What is the configuration needed for a circular-motion?



The answer is, there must be an inward(towards the center) force perpendicular to the instantaneous velocity. The minimum velocity required for the bob initially to loop the whole loop is $\sqrt{5gR}$. In this situation, the tension at the topmost point becomes zero, but since there is velocity, which is $\sqrt{Rg}$ & there is inward force, which is the weight $mg$; this matches up the configuration of circular-motion & hence continues to complete the circle.


Now, if the initial velocity is less than $\sqrt{5gR}$, then the bob will have attained zero velocity before reaching the top. Now, using this velocity, we can find $h_1 \; , \; h_2$, the heights where the tension becomes zero & the height where the tangential instantaneous velocity of the bob becomes zero respectively. Using kinematics equation, we find $$h_1 = \frac{v_\text{initial}^2 + Rg}{3g} \\ h_2 = \frac{v_\text{initial}^2}{2g}$$.


Now, the case you mentioned can be described as $h_1 \lt h_2$ i.e. the tension becomes zero before velocity becomes & this implies certain velocity does exist when tension becomes zero.

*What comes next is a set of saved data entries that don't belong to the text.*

(* Let $V^{2n}$ be a real vector space with $J\in\mathrm{Aut}(V)$, $J^2=-I$, and a positive definite inner product $(\,,\,)$ for which $J$ is an isometry. Let $\mathbb{L}^p$, $p\geq 2$, be a real vector space with a Lorentzian inner product $\langle\,,\,\rangle$, let $\alpha\colon V^{2n}\times V^{2n}\to\mathbb{L}^p$ be a symmetric bilinear form, and suppose there is a light-like $w\in\mathbb{L}^p$ with $\langle\alpha(X,Y),w\rangle=-(X,Y)$ for all $X,Y$. Let $\beta,\gamma\colon V^{2n}\times V^{2n}\to W^{p,p}$ be defined by $\beta(X,Y)=(\alpha(X,Y)+\alpha(JX,JY),\alpha(X,JY)-\alpha(JX,Y))$ and $\gamma(X,Y)=(\alpha(X,Y),\alpha(X,JY))$. Assume $\beta$ is flat and $$\langle\!\langle\beta(X,Y),\gamma(Z,T)\rangle\!\rangle=\langle\!\langle\beta(X,T),\gamma(Z,Y)\rangle\!\rangle\quad\text{for all }X,Y,Z,T\in V^{2n}.$$ If $\mathcal{S}(\beta)$ is degenerate and $s\leq n-1$, then there is a $J$-invariant vector subspace $P^{2m}\subset V^{2n}$ with $m\geq n-s+1$ such that $$\langle\alpha(S,S),\alpha(JS,JS)\rangle-\langle\alpha(S,JS),\alpha(S,JS)\rangle\leq 0\quad\text{for all }S\in P^{2m}.$$
   Context: $W^{p,p}=\mathbb{L}^p\oplus\mathbb{L}^p$ carries the inner product $\langle\!\langle(\xi,\bar\xi),(\eta,\bar\eta)\rangle\!\rangle=\langle\xi,\eta\rangle-\langle\bar\xi,\bar\eta\rangle$. $\beta$ is flat if $\langle\!\langle\beta(X,Y),\beta(Z,T)\rangle\!\rangle=\langle\!\langle\beta(X,T),\beta(Z,Y)\rangle\!\rangle$ for all $X,Y,Z,T$. $\mathcal{S}(\beta)=\mathrm{span}\{\beta(X,Y):X,Y\in V\}$; it is degenerate if $\mathcal S(\beta)\cap\mathcal S(\beta)^\perp\neq0$ with respect to $\langle\!\langle\,,\,\rangle\!\rangle$. $s=\dim U_0^s$, where $U_0^s=\pi_1(\mathcal{S}(\beta))\subset\mathbb{L}^p$ is the projection of $\mathcal S(\beta)$ onto the first factor. *)

theory Defs
  imports "HOL-Analysis.Analysis"
begin

definition lorentzian :: "('l::euclidean_space \<Rightarrow> 'l \<Rightarrow> real) \<Rightarrow> bool" where
  "lorentzian g \<longleftrightarrow>
     (\<forall>x. linear (g x)) \<and> (\<forall>x y. g x y = g y x) \<and>
     (\<exists>B. independent B \<and> span B = UNIV \<and>
          (\<forall>b\<in>B. \<forall>c\<in>B. b \<noteq> c \<longrightarrow> g b c = 0) \<and>
          (\<exists>e\<in>B. g e e = -1 \<and> (\<forall>b\<in>B - {e}. g b b = 1)))"

definition Wip :: "('l \<Rightarrow> 'l \<Rightarrow> real) \<Rightarrow> 'l \<times> 'l \<Rightarrow> 'l \<times> 'l \<Rightarrow> real" where
  "Wip g u v = g (fst u) (fst v) - g (snd u) (snd v)"

definition flat_form :: "('l \<Rightarrow> 'l \<Rightarrow> real) \<Rightarrow> ('v \<Rightarrow> 'v \<Rightarrow> 'l \<times> 'l) \<Rightarrow> bool" where
  "flat_form g \<beta> \<longleftrightarrow>
     (\<forall>X Y Z T. Wip g (\<beta> X Y) (\<beta> Z T) = Wip g (\<beta> X T) (\<beta> Z Y))"

definition Sspace :: "('v \<Rightarrow> 'v \<Rightarrow> 'l::real_vector \<times> 'l) \<Rightarrow> ('l \<times> 'l) set" where
  "Sspace \<beta> = span {\<beta> X Y | X Y. True}"

definition degenerate_sub :: "('l \<Rightarrow> 'l \<Rightarrow> real) \<Rightarrow> ('l::real_vector \<times> 'l) set \<Rightarrow> bool" where
  "degenerate_sub g S \<longleftrightarrow> (\<exists>v\<in>S. v \<noteq> 0 \<and> (\<forall>u\<in>S. Wip g v u = 0))"

end

theory Submission
  imports Defs
begin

The gravitational force never does point inwards i.e. towards the center of the circular trajectory. The component $mg\sin \theta$ opposes the tangential velocity & remains collinear with the instantaneous velocity vector but in the opposite direction; $mg\cos \theta$, on the other hand, points outward i.e. away from the center just opposite to the centripetal force i.e. tension. You can see in the pic$^1$ how the components of gravitational force are specified; no one is acting inwards i.e. towards the center of the circle.


bob-trajectory


When tension becomes zero, velocity still exists & $mg\cos\theta$ remains perpendicular to it & is pointing inward to some point; hence it matches the configuration of circular-motion. The bob thus breaks its old circular trajectory & undergoes circular motion around a new loop where the centripetal force is $mg\cos\theta$. But it can't undergo a pure circular motion as the bob is retarded by the opposing force $mg\sin\theta$ & thus it follows a parabolic trajectory.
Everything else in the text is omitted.